Comment by rwmj

Comment by rwmj 13 hours ago

10 replies

Slightly off topic, but if I'm aiming to get the fastest 'make -jN' for some random C project (such as the kernel) should I set N = #P [threads] + #E, or just the #P, or something else? Basically, is there a case where using the E cores slows a compile down? Or is power management a factor?

I timed it on the single Intel machine I have access to with E-cores and setting N = #P + #E was in fact the fastest, but I wonder if that's a general rule.

adrian_b 12 hours ago

On my tests on an AMD Zen 3 (a 5900X), I have determined that with SMT disabled, the best performance is with N+1 threads, where N is the number of cores.

On the other hand, with SMT enabled, the best performance has been obtained with 2N threads, where N is the same as above, i.e. with the same number of threads as supported in hardware.

For example, on a 12C/24T 5900X, it is best to use "make -j13" if SMT is disabled, but "make -j24" if SMT is enabled.

For software project compilation, enabling SMT is always a win, which is not always the case for other applications, i.e. for those where the execution time is dominated by optimized loops.

Similarly, I expect that for the older Meteor Lake, Raptor Lake and Alder Lake CPUs the best compilation speed is achieved with 2 x #P + #E threads, even if this should improve the compilation time by only something like 10% over that achieved with #P + #E threads. At least the published compilation benchmarks are consistent with this expectation.

EDIT: I see from your other posting that you have used a notation that has confused me, i.e. that by #P you have meant the number of SMT threads that can be executed on P cores, not the number of P cores.

Therefore what I have written as 2 x #P + #E is the same as what you have written as #P + #E.

So your results are the same with what I have obtained on AMD CPUs. With SMT enabled, the optimal number of threads is the total number of threads supported by the CPU, where the SMT cores support multiple threads.

Only with SMT disabled an extra thread over the number of cores becomes beneficial.

The reason for this difference in behavior is that with SMT disabled, any thread that is stalled by waiting for I/O leaves a CPU core idle, slowing the progress. With SMT enabled, when any thread is stalled, the threads are redistributed to balance the workload and no core remains idle. Only 1 of the P cores runs a thread instead of 2, which reduces its throughput by only a few percent. Avoiding this small loss in throughput by running an extra thread does not provide enough additional performance to compensate the additional overhead caused by an extra thread.

wmf 12 hours ago

Power management is a factor because the cores "steal" power from each other. However the E-cores are more efficient so slowing down P-cores and giving some of their power to the E-cores increases the efficiency and performance of the chip overall. In general you're better off using all the cores.

  • jeffbee 11 hours ago

    I suggest this depends on the exact model you are using. On Alder/Raptor Lake, the E-cores run at 4.5GHz which is completely futile, and in doing so they heat their adjacent P-cores, because 2x E-core clusters can easily draw 135W or more. This can significantly cut into the headroom of the nearby P. Arrow Lake-S has rearranged the E-cores.

saurik 13 hours ago

Did you test at least +1 if not *1.5 or something? I would expect you to occasionally get blocked on disk I/O and would want some spare work sitting hot to switch in.

  • rwmj 13 hours ago

    Let me test that now. Note I only have 1 Intel machine so any results are very specific to this laptop.

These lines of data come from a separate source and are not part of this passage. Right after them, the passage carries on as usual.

(* Suppose $\|\phi_0\|_{L^2(P_0;\mathcal{H})}<\infty$ and $\|\phi_n^j-\phi_0\|_{L^2(P_0;\mathcal{H})}=o_p(1)$ for each $j\in\{1,2\}$. Let $\Sigma_n:\mathcal{H}\to\mathcal{H}$ be $\Sigma_n(h)=\frac12\sum_{j=1}^2E_{P_n^j}[\langle h,\phi_n^j(Z)\rangle_{\mathcal{H}}\phi_n^j(Z)]$ and $\Sigma_0(h)=E_0[\langle h,\phi_0(Z)\rangle_{\mathcal{H}}\phi_0(Z)]$. Then $\|\Sigma_n-\Sigma_0\|_{\mathrm{op}}=o_p(1)$.
   Context: $(\mathcal{Z},\mathbf{B})$ is a Polish space, $\mathcal{H}$ a real separable Hilbert space, $P_0$ a distribution on $\mathcal{Z}$, $\phi_0:\mathcal{Z}\to\mathcal{H}$ Bochner measurable (in the paper, the efficient influence function of a pathwise differentiable parameter at $P_0$, so that $\Sigma_0$ is the covariance operator of the associated Gaussian limit). $L^2(P;\mathcal{H})$-norm: $\|f\|^2=\int\|f\|_{\mathcal{H}}^2dP$. Cross-fitting: $n$ even, $Z_1,\dots,Z_n$ iid $P_0$; $P_n^1$ is the empirical distribution of $Z_{n/2+1},\dots,Z_n$ and $P_n^2$ that of $Z_1,\dots,Z_{n/2}$; $\phi_n^1:\mathcal{Z}\to\mathcal{H}$ is a (Bochner measurable) function determined by $Z_1,\dots,Z_{n/2}$ and $\phi_n^2$ one determined by $Z_{n/2+1},\dots,Z_n$ (in the paper, the efficient influence functions at estimates $\widehat{P}_n^j$ of $P_0$ fit on those halves). $\|\cdot\|_{\mathrm{op}}$ is the operator norm. *)

theory Defs
  imports "HOL-Probability.Probability"
begin

definition outer_prob :: "'a measure \<Rightarrow> 'a set \<Rightarrow> real" where
  "outer_prob M A = Inf {measure M B | B. B \<in> sets M \<and> A \<subseteq> B}"

text \<open>X m = o_p(1) as m tends to infinity (for [0,\<infinity>]-valued random quantities),
  using outer probability so that no measurability is presupposed.\<close>
definition op_one :: "'a measure \<Rightarrow> (nat \<Rightarrow> 'a \<Rightarrow> ennreal) \<Rightarrow> bool" where
  "op_one M X \<longleftrightarrow>
     (\<forall>e::real. e > 0 \<longrightarrow>
        (\<lambda>m. outer_prob M {\<omega> \<in> space M. ennreal e < X m \<omega>}) \<longlonglongrightarrow> 0)"

definition L2norm :: "'z measure \<Rightarrow> ('z \<Rightarrow> 'h::real_normed_vector) \<Rightarrow> ennreal" where
  "L2norm P f = (let I = (\<integral>\<^sup>+ z. ennreal ((norm (f z))\<^sup>2) \<partial>P)
                  in if I = \<infinity> then \<infinity> else ennreal (sqrt (enn2real I)))"

text \<open>Cross-fitted covariance operator estimate with sample size n = 2m.
  P_n^1 = empirical distribution of the second half, P_n^2 of the first half.\<close>
definition Sigma_n :: "nat \<Rightarrow> (nat \<Rightarrow> nat \<Rightarrow> (nat \<Rightarrow> 'z) \<Rightarrow> 'z \<Rightarrow> 'h::real_inner)
                        \<Rightarrow> (nat \<Rightarrow> 'z) \<Rightarrow> 'h \<Rightarrow> 'h" where
  "Sigma_n m phi x h =
     (1/2) *\<^sub>R
       ( (1 / real m) *\<^sub>R (\<Sum>i\<in>{m..<2*m}. (inner h (phi m 1 x (x i))) *\<^sub>R phi m 1 x (x i))
       + (1 / real m) *\<^sub>R (\<Sum>i\<in>{0..<m}. (inner h (phi m 2 x (x i))) *\<^sub>R phi m 2 x (x i)))"

definition Sigma_0 :: "'z measure \<Rightarrow> ('z \<Rightarrow> 'h::{real_inner,banach,second_countable_topology}) \<Rightarrow> 'h \<Rightarrow> 'h" where
  "Sigma_0 P phi0 h = (\<integral> z. (inner h (phi0 z)) *\<^sub>R phi0 z \<partial>P)"

end

theory Submission
  imports Defs
begin

(* Writing T v = <., v> v, each half of the cross-fitted estimate differs from Sigma_0 by
   [P_n^j T(phi_n^j) - P_n^j T(phi_0)] + [P_n^j T(phi_0) - P_0 T(phi_0)].
   Since ||T a - T b|| <= (1 + 1/t) |a - b|^2 + t |b|^2 for every t > 0, the first bracket is at most
   (1 + 1/t) P_n^j |phi_n^j - phi_0|^2 + t P_n^j |phi_0|^2.  As phi_n^j is fitted on the other half
   of the sample, Markov's inequality conditionally on that half bounds the first average by the
   L^2(P_0) error, which is o_p(1); the second average is O_p(1) and t is arbitrary.  The second
   bracket is a law of large numbers in operator norm: after approximating phi_0 in L^2(P_0) by a
   simple function psi, the error phi_0 - psi is handled as before, and for psi the empirical
   operator is a finite combination of empirical frequencies, which converge by Chebyshev's
   inequality. *)

section \<open>Outer probability and convergence in probability\<close>

lemma outer_prob_le_measure:
  assumes "B \<in> sets M" "A \<subseteq> B"
  shows "outer_prob M A \<le> measure M B"
  unfolding outer_prob_def
  by (rule cInf_lower) (use assms in \<open>auto intro!: bdd_belowI[where m=0]\<close>)

lemma outer_prob_nonneg:
  assumes "A \<subseteq> space M"
  shows "0 \<le> outer_prob M A"
  unfolding outer_prob_def
  by (rule cInf_greatest) (use assms in auto)

lemma outer_prob_eq_measure:
  assumes "finite_measure M" "A \<in> sets M"
  shows "outer_prob M A = measure M A"
proof (rule antisym)
  show "outer_prob M A \<le> measure M A"
    by (rule outer_prob_le_measure[OF assms(2)]) simp
  show "measure M A \<le> outer_prob M A"
    unfolding outer_prob_def
    by (rule cInf_greatest) (use assms in \<open>auto intro: finite_measure.finite_measure_mono\<close>)
qed

lemma outer_prob_mono:
  assumes "A \<subseteq> B" "B \<subseteq> space M"
  shows "outer_prob M A \<le> outer_prob M B"
  unfolding outer_prob_def
  by (rule cInf_superset_mono) (use assms in \<open>auto intro!: bdd_belowI[where m=0]\<close>)

lemma outer_prob_Un_le:
  assumes "A \<subseteq> space M" "B \<subseteq> space M"
  shows "outer_prob M (A \<union> B) \<le> outer_prob M A + outer_prob M B"
proof (rule field_le_epsilon)
  fix \<epsilon> :: real assume "0 < \<epsilon>"
  have cover: "\<exists>C\<in>sets M. S \<subseteq> C \<and> measure M C < outer_prob M S + \<epsilon> / 2" if "S \<subseteq> space M" for S
  proof -
    have "Inf {measure M C | C. C \<in> sets M \<and> S \<subseteq> C} < outer_prob M S + \<epsilon> / 2"
      using \<open>0 < \<epsilon>\<close> by (simp add: outer_prob_def)
    from cInf_lessD[OF _ this] show ?thesis
      using that by blast
  qed
  obtain CA CB where CA: "CA \<in> sets M" "A \<subseteq> CA" "measure M CA < outer_prob M A + \<epsilon> / 2"
    and CB: "CB \<in> sets M" "B \<subseteq> CB" "measure M CB < outer_prob M B + \<epsilon> / 2"
    using cover assms by meson
  have "outer_prob M (A \<union> B) \<le> measure M (CA \<union> CB)"
    using CA CB by (intro outer_prob_le_measure) auto
  also have "\<dots> \<le> measure M CA + measure M CB"
    using CA CB by (intro measure_Un_le)
  finally show "outer_prob M (A \<union> B) \<le> outer_prob M A + outer_prob M B + \<epsilon>"
    using CA CB by linarith
qed

lemma op_oneI:
  assumes "\<And>e \<eta>. 0 < e \<Longrightarrow> 0 < \<eta> \<Longrightarrow>
    eventually (\<lambda>m. outer_prob M {x\<in>space M. ennreal e < X m x} \<le> \<eta>) sequentially"
  shows "op_one M X"
  unfolding op_one_def
proof (intro allI impI order_tendstoI)
  fix e a :: real assume "0 < e"
  show "eventually (\<lambda>m. a < outer_prob M {x\<in>space M. ennreal e < X m x}) sequentially" if "a < 0"
  proof (intro always_eventually allI)
    fix m
    have "0 \<le> outer_prob M {x\<in>space M. ennreal e < X m x}"
      by (rule outer_prob_nonneg) auto
    then show "a < outer_prob M {x\<in>space M. ennreal e < X m x}"
      using that by linarith
  qed
  show "eventually (\<lambda>m. outer_prob M {x\<in>space M. ennreal e < X m x} < a) sequentially" if "0 < a"
    using assms[OF \<open>0 < e\<close>, of "a / 2"] that by (auto elim: eventually_mono)
qed

lemma op_oneD:
  assumes "op_one M X" "0 < e" "0 < \<eta>"
  shows "eventually (\<lambda>m. outer_prob M {x\<in>space M. ennreal e < X m x} < \<eta>) sequentially"
proof -
  have "(\<lambda>m. outer_prob M {x\<in>space M. ennreal e < X m x}) \<longlonglongrightarrow> 0"
    using assms(1,2) unfolding op_one_def by blast
  from order_tendstoD(2)[OF this assms(3)] show ?thesis .
qed

lemma op_one_add:
  assumes Y: "op_one M Y" and Z: "op_one M Z"
    and le: "\<And>m x. x \<in> space M \<Longrightarrow> X m x \<le> Y m x + Z m x"
  shows "op_one M X"
proof (rule op_oneI)
  fix e \<eta> :: real assume "0 < e" "0 < \<eta>"
  let ?Y = "\<lambda>m. {x\<in>space M. ennreal (e / 2) < Y m x}"
  let ?Z = "\<lambda>m. {x\<in>space M. ennreal (e / 2) < Z m x}"
  have "{x\<in>space M. ennreal e < X m x} \<subseteq> ?Y m \<union> ?Z m" for m
  proof (rule subsetI, rule ccontr)
    fix x assume x: "x \<in> {x\<in>space M. ennreal e < X m x}" and "x \<notin> ?Y m \<union> ?Z m"
    then have "X m x \<le> ennreal (e / 2) + ennreal (e / 2)"
      using le[of x m] by (auto simp: not_less intro: order_trans add_mono)
    also have "\<dots> = ennreal e"
      using \<open>0 < e\<close> by (simp flip: ennreal_plus)
    finally show False using x by (auto dest: leD)
  qed
  then have bound: "outer_prob M {x\<in>space M. ennreal e < X m x} \<le> outer_prob M (?Y m) + outer_prob M (?Z m)" for m
    by (intro order_trans[OF outer_prob_mono outer_prob_Un_le]) auto
  have "eventually (\<lambda>m. outer_prob M (?Y m) < \<eta> / 2) sequentially"
    using \<open>0 < e\<close> \<open>0 < \<eta>\<close> by (intro op_oneD[OF Y]) auto
  moreover have "eventually (\<lambda>m. outer_prob M (?Z m) < \<eta> / 2) sequentially"
    using \<open>0 < e\<close> \<open>0 < \<eta>\<close> by (intro op_oneD[OF Z]) auto
  ultimately show "eventually (\<lambda>m. outer_prob M {x\<in>space M. ennreal e < X m x} \<le> \<eta>) sequentially"
    by eventually_elim (rule order_trans[OF bound], linarith)
qed

lemma ennreal_less_L2norm_iff:
  fixes f :: "'z \<Rightarrow> 'h::real_normed_vector"
  assumes "0 \<le> s"
  shows "ennreal s < L2norm P f \<longleftrightarrow> ennreal (s\<^sup>2) < (\<integral>\<^sup>+z. ennreal ((norm (f z))\<^sup>2) \<partial>P)"
proof (cases "(\<integral>\<^sup>+z. ennreal ((norm (f z))\<^sup>2) \<partial>P) = \<infinity>")
  case True
  then show ?thesis
    by (simp add: L2norm_def)
next
  case False
  then obtain q where q: "(\<integral>\<^sup>+z. ennreal ((norm (f z))\<^sup>2) \<partial>P) = ennreal q" "0 \<le> q"
    by (cases "(\<integral>\<^sup>+z. ennreal ((norm (f z))\<^sup>2) \<partial>P)") auto
  have "ennreal s < L2norm P f \<longleftrightarrow> s < sqrt q"
    using q assms False by (simp add: L2norm_def Let_def ennreal_less_iff)
  also have "\<dots> \<longleftrightarrow> sqrt (s\<^sup>2) < sqrt q"
    using assms by simp
  also have "\<dots> \<longleftrightarrow> ennreal (s\<^sup>2) < ennreal q"
    by (simp only: real_sqrt_less_iff ennreal_less_iff[OF zero_le_power2])
  finally show ?thesis
    using q by simp
qed

lemma integrable_power2_norm_if_L2norm_finite:
  fixes f :: "'z \<Rightarrow> 'h::{real_normed_vector, second_countable_topology}"
  assumes [measurable]: "f \<in> borel_measurable M" and "L2norm M f < \<infinity>"
  shows "integrable M (\<lambda>z. (norm (f z))\<^sup>2)"
proof (rule integrableI_bounded)
  show "(\<integral>\<^sup>+z. ennreal (norm ((norm (f z))\<^sup>2)) \<partial>M) < \<infinity>"
    using assms(2) by (auto simp: L2norm_def Let_def top.not_eq_extremum split: if_splits)
qed measurable
(* Let $G$ be a graph on $d+2$ vertices with adjacency matrix $A_G$ having eigenvalues $\lambda_1\geq\lambda_2\geq\dots\geq\lambda_{d+2}$, and let $k>1$ with $\overline{B_G}=\frac{1}{k^2-1}I-A_G$. Suppose that $w^T\overline{B_G}w\geq 0$ for all $w\in\mathbf{1}^\perp$, that there exist a nonzero $w\in\mathbf{1}^\perp$ and a real $\gamma$ with $\overline{B_G}w=\gamma\mathbf{1}$, and that $\det(\overline{B_G})=0$. Then there exists an eigenvector $v_2$ of $A_G$ with eigenvalue $\lambda_2$ that is orthogonal to $\mathbf{1}$.
   Context: Graphs are finite and simple; $\mathbf{1}$ is the all-ones vector and $\mathbf{1}^\perp$ its orthogonal complement. *)

theory Defs
  imports "HOL-Analysis.Analysis"
begin

definition simple_graph :: "('n \<Rightarrow> 'n \<Rightarrow> bool) \<Rightarrow> bool" where
  "simple_graph E \<longleftrightarrow> (\<forall>i j. E i j \<longleftrightarrow> E j i) \<and> (\<forall>i. \<not> E i i)"

definition adj_matrix :: "('n::finite \<Rightarrow> 'n \<Rightarrow> bool) \<Rightarrow> real^'n^'n" where
  "adj_matrix E = (\<chi> i j. if E i j then 1 else 0)"

definition ones :: "real^'n::finite" where
  "ones = (\<chi> i. 1)"

definition sorted_eigenvalues :: "real^'n^'n \<Rightarrow> (nat \<Rightarrow> real) \<Rightarrow> bool" where
  "sorted_eigenvalues M lam \<longleftrightarrow>
     (\<forall>i j. i \<le> j \<longrightarrow> j < CARD('n) \<longrightarrow> lam j \<le> lam i) \<and>
     (\<forall>x. det (x *\<^sub>R mat 1 - M) = (\<Prod>i<CARD('n). (x - lam i)))"

end

theory Submission
  imports Defs
begin

text \<open>Write c = 1 / (k^2 - 1) and A for the adjacency matrix; eigenvalues are indexed
  from 0, so lam 1 is the paper's \<lambda>_2. Since c I - A is symmetric and singular, the vector
  w with (c I - A) w = \<gamma> 1 yields an eigenvector v of A for c orthogonal to 1: w itself if
  \<gamma> = 0, otherwise any kernel vector of c I - A. It remains to show c = lam 1.
  The plane spanned by orthogonal eigenvectors for lam 0 and lam 1 meets the hyperplane
  orthogonal to 1, where the quadratic form of A is at most c by hypothesis; hence lam 1 \<le> c.
  Conversely c is an eigenvalue, and if it were lam 0 > lam 1, then (A being nonnegative) |v|
  would also maximise the Rayleigh quotient and so be an eigenvector; |v| + v and |v| - v would be
  orthogonal eigenvectors for lam 0, both nonzero because v has entries of both signs, although
  lam 0 is a simple root.
  Algebraic and geometric multiplicities are compared through a bordered determinant: replacing a
  row of x I - M by a left eigenvector u for \<mu> divides the characteristic polynomial by x - \<mu>,
  and the quotient vanishes at \<mu> iff some eigenvector for \<mu> is orthogonal to u.\<close>

lemma det_eq_0_iff_nontrivial_kernel:
  fixes A :: "real^'n::finite^'n"
  shows "det A = 0 \<longleftrightarrow> (\<exists>x. x \<noteq> 0 \<and> A *v x = 0)"
  using det_eq_0_rank matrix_nonfull_linear_equations_eq rank_bound[of A] by fastforce

lemma scaleR_mat_1_diff_mult:
  fixes M :: "real^'n::finite^'n"
  shows "(a *\<^sub>R mat 1 - M) *v v = a *\<^sub>R v - M *v v"
  by (simp add: matrix_vector_mult_diff_rdistrib scaleR_matrix_vector_assoc[symmetric])

lemma det_eq_0_iff_eigenvector:
  fixes M :: "real^'n::finite^'n"
  shows "det (a *\<^sub>R mat 1 - M) = 0 \<longleftrightarrow> (\<exists>v. v \<noteq> 0 \<and> M *v v = a *\<^sub>R v)"
  unfolding det_eq_0_iff_nontrivial_kernel scaleR_mat_1_diff_mult by (metis eq_iff_diff_eq_0)

lemma continuous_on_det:
  fixes A :: "'a::topological_space \<Rightarrow> real^'n::finite^'n"
  assumes "\<And>i j. continuous_on S (\<lambda>x. A x $ i $ j)"
  shows "continuous_on S (\<lambda>x. det (A x))"
  unfolding det_def by (intro continuous_intros assms)

lemma det_replace_row_vector_matrix_mult:
  fixes A :: "'a::comm_ring_1^'n::finite^'n"
  shows "det (\<chi> i. if i = k then u v* A else row i A) = u $ k * det A"
proof -
  have "u v* A = (\<Sum>j\<in>UNIV. u $ j *s row j A)"
    by (simp add: vec_eq_iff vector_matrix_mult_def row_def mult.commute)
  then have "det (\<chi> i. if i = k then u v* A else row i A)
      = det (\<chi> i. if i = k then (\<Sum>j\<in>UNIV. u $ j *s row j A) else row i A)"
    by (simp only:)
  also have "\<dots> = (\<Sum>j\<in>UNIV. det (\<chi> i. if i = k then u $ j *s row j A else row i A))"
    by (rule det_linear_row_sum) simp
  also have "\<dots> = (\<Sum>j\<in>UNIV. u $ j * det (\<chi> i. if i = k then row j A else row i A))"
    by (simp add: det_row_mul)
  also have "\<dots> = u $ k * det (\<chi> i. if i = k then row k A else row i A)"
  proof -
    have "u $ j * det (\<chi> i. if i = k then row j A else row i A) = 0" if "j \<noteq> k" for j
      using that by (subst det_identical_rows[of k j]) (auto simp: row_def)
    then show ?thesis
      by (subst sum.remove[of UNIV k]) (auto intro: sum.neutral)
  qed
  also have "(\<chi> i. if i = k then row k A else row i A) = A"
    by (simp add: vec_eq_iff row_def)
  finally show ?thesis .
qed
(* Let $\mathfrak g$ be a Lie algebra over a field $\mathbb k$ and $X$ its associated binary SD object. The homomorphism $\Psi^2\colon H^2_{\rm Lie}(\mathfrak g;\mathfrak g)\to H^2_{\rm BSD}(X;X)$ induced by $\phi\mapsto[(a,x)\otimes(b,y)\mapsto(0,\phi(x,y))]$ is injective. If in addition $\mathfrak g$ has trivial center, $\Psi^2$ is an isomorphism $H^2_{\rm Lie}(\mathfrak g;\mathfrak g)\cong H^2_{\rm BSD}(X;X)$.
   Context: Associated binary SD object: $X=\mathbb k\oplus\mathfrak g$, $\Delta(a,x)=(a,x)\otimes(1,0)+(1,0)\otimes(0,x)$, $\varepsilon(a,x)=a$, $q((a,x)\otimes(b,y))=(ab,bx+[x,y])$; Sweedler $\Delta(w)=w^{(1)}\otimes w^{(2)}$; $\tau$ the flip. BSD cohomology: $C^1_{\rm BSD}$ = linear $f\colon X\to X$ with $\Delta f=(f\otimes\mathbb 1+\mathbb 1\otimes f)\Delta$; $C^2_{\rm BSD}$ = linear $\phi\colon X\otimes X\to X$ with $\Delta\phi=(\phi\otimes q+q\otimes\phi)(\mathbb 1\otimes\tau\otimes\mathbb 1)(\Delta\otimes\Delta)$; $\delta^1f(u\otimes v)=f(q(u\otimes v))-q(f(u)\otimes v)-q(u\otimes f(v))$; $\delta^2\phi(u\otimes v\otimes w)=q(\phi(u\otimes v)\otimes w)+\phi(q(u\otimes v)\otimes w)-\phi(q(u\otimes w^{(1)})\otimes q(v\otimes w^{(2)}))-q(\phi(u\otimes w^{(1)})\otimes q(v\otimes w^{(2)}))-q(q(u\otimes w^{(1)})\otimes\phi(v\otimes w^{(2)}))$; $H^2_{\rm BSD}=(C^2_{\rm BSD}\cap\ker\delta^2)/\delta^1(C^1_{\rm BSD})$. Lie cohomology: $2$-cochains are alternating bilinear $\phi\colon\mathfrak g\times\mathfrak g\to\mathfrak g$; $\delta^2\phi(x,y,z)=[\phi(x,y),z]+[\phi(y,z),x]+[\phi(z,x),y]+\phi([x,y],z)+\phi([y,z],x)+\phi([z,x],y)$; $\delta^1f(x,y)=f([x,y])-[f(x),y]-[x,f(y)]$ for linear $f\colon\mathfrak g\to\mathfrak g$; $H^2_{\rm Lie}=\ker\delta^2/\operatorname{im}\delta^1$. *)

theory Defs
  imports Complex_Main "HOL-Library.Product_Plus"
begin

section \<open>Lie algebras over a field k (vector space given by an explicit scalar action)\<close>

definition bilinear_map ::
  "('k::field \<Rightarrow> 'a::ab_group_add \<Rightarrow> 'a) \<Rightarrow> ('k \<Rightarrow> 'b::ab_group_add \<Rightarrow> 'b) \<Rightarrow>
   ('k \<Rightarrow> 'c::ab_group_add \<Rightarrow> 'c) \<Rightarrow> ('a \<Rightarrow> 'b \<Rightarrow> 'c) \<Rightarrow> bool" where
  "bilinear_map s1 s2 s3 B \<longleftrightarrow>
     (\<forall>x. Vector_Spaces.linear s2 s3 (B x)) \<and> (\<forall>y. Vector_Spaces.linear s1 s3 (\<lambda>x. B x y))"

definition lie_algebra :: "('k::field \<Rightarrow> 'v::ab_group_add \<Rightarrow> 'v) \<Rightarrow> ('v \<Rightarrow> 'v \<Rightarrow> 'v) \<Rightarrow> bool" where
  "lie_algebra scale br \<longleftrightarrow> vector_space scale \<and> bilinear_map scale scale scale br \<and>
     (\<forall>x. br x x = 0) \<and>
     (\<forall>x y z. br x (br y z) + br y (br z x) + br z (br x y) = 0)"

definition trivial_center :: "('v::ab_group_add \<Rightarrow> 'v \<Rightarrow> 'v) \<Rightarrow> bool" where
  "trivial_center br \<longleftrightarrow> (\<forall>z. (\<forall>x. br z x = 0) \<longrightarrow> z = 0)"

definition lie_C2 :: "('k::field \<Rightarrow> 'v::ab_group_add \<Rightarrow> 'v) \<Rightarrow> ('v \<Rightarrow> 'v \<Rightarrow> 'v) set" where
  "lie_C2 scale = {\<phi>. bilinear_map scale scale scale \<phi> \<and> (\<forall>x. \<phi> x x = 0)}"

definition lie_delta2 :: "('v::ab_group_add \<Rightarrow> 'v \<Rightarrow> 'v) \<Rightarrow> ('v \<Rightarrow> 'v \<Rightarrow> 'v) \<Rightarrow> 'v \<Rightarrow> 'v \<Rightarrow> 'v \<Rightarrow> 'v" where
  "lie_delta2 br \<phi> x y z =
     br (\<phi> x y) z + br (\<phi> y z) x + br (\<phi> z x) y + \<phi> (br x y) z + \<phi> (br y z) x + \<phi> (br z x) y"

definition lie_delta1 :: "('v::ab_group_add \<Rightarrow> 'v \<Rightarrow> 'v) \<Rightarrow> ('v \<Rightarrow> 'v) \<Rightarrow> 'v \<Rightarrow> 'v \<Rightarrow> 'v" where
  "lie_delta1 br f x y = f (br x y) - br (f x) y - br x (f y)"

definition lie_Z2 :: "('k::field \<Rightarrow> 'v::ab_group_add \<Rightarrow> 'v) \<Rightarrow> ('v \<Rightarrow> 'v \<Rightarrow> 'v) \<Rightarrow> ('v \<Rightarrow> 'v \<Rightarrow> 'v) set" where
  "lie_Z2 scale br = {\<phi> \<in> lie_C2 scale. \<forall>x y z. lie_delta2 br \<phi> x y z = 0}"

      -j           time (mean ± σ)
      12 (#P+#E)   130.889 s ±  4.072 s
      13 (..+1)    135.049 s ±  2.270 s
       4 (#P)      179.845 s ±  1.783 s
       8 (#E)      141.669 s ±  3.441 s
    
    Machine: 13th Gen Intel(R) Core(TM) i7-1365U; 2 x P-cores (4 threads), 8 x E-cores
    • wtallis 11 hours ago

      Your processor has two P cores, and ten cores total, not twelve. The HyperThreading (SMT) does not make the two P cores into four cores. Your experiment with 4 threads will most likely result in using both P cores and two E cores, as no sane OS would double up threads on the P cores before the E cores were full with one thread each.

      • rwmj 11 hours ago

        The hyperthreading should cover up memory latency, since the workload (compiling qemu) might not fit into L3 cache. Although I take your point that it doesn't magically create two core-equivalents.

        • gonzo 8 hours ago

          “Hyperthreading” is a write pipe hack.

          If the core stalls on a write then the other thread gets run.

      • jeffbee 11 hours ago

        I am sure rwmj was smart enough to use `taskset` to make this experiment meaningful.

        • rwmj 11 hours ago

          Hehe, if only :-( However I do want to know what's best with the default Linux scheduler and just using 'make' rather than more complicated commands.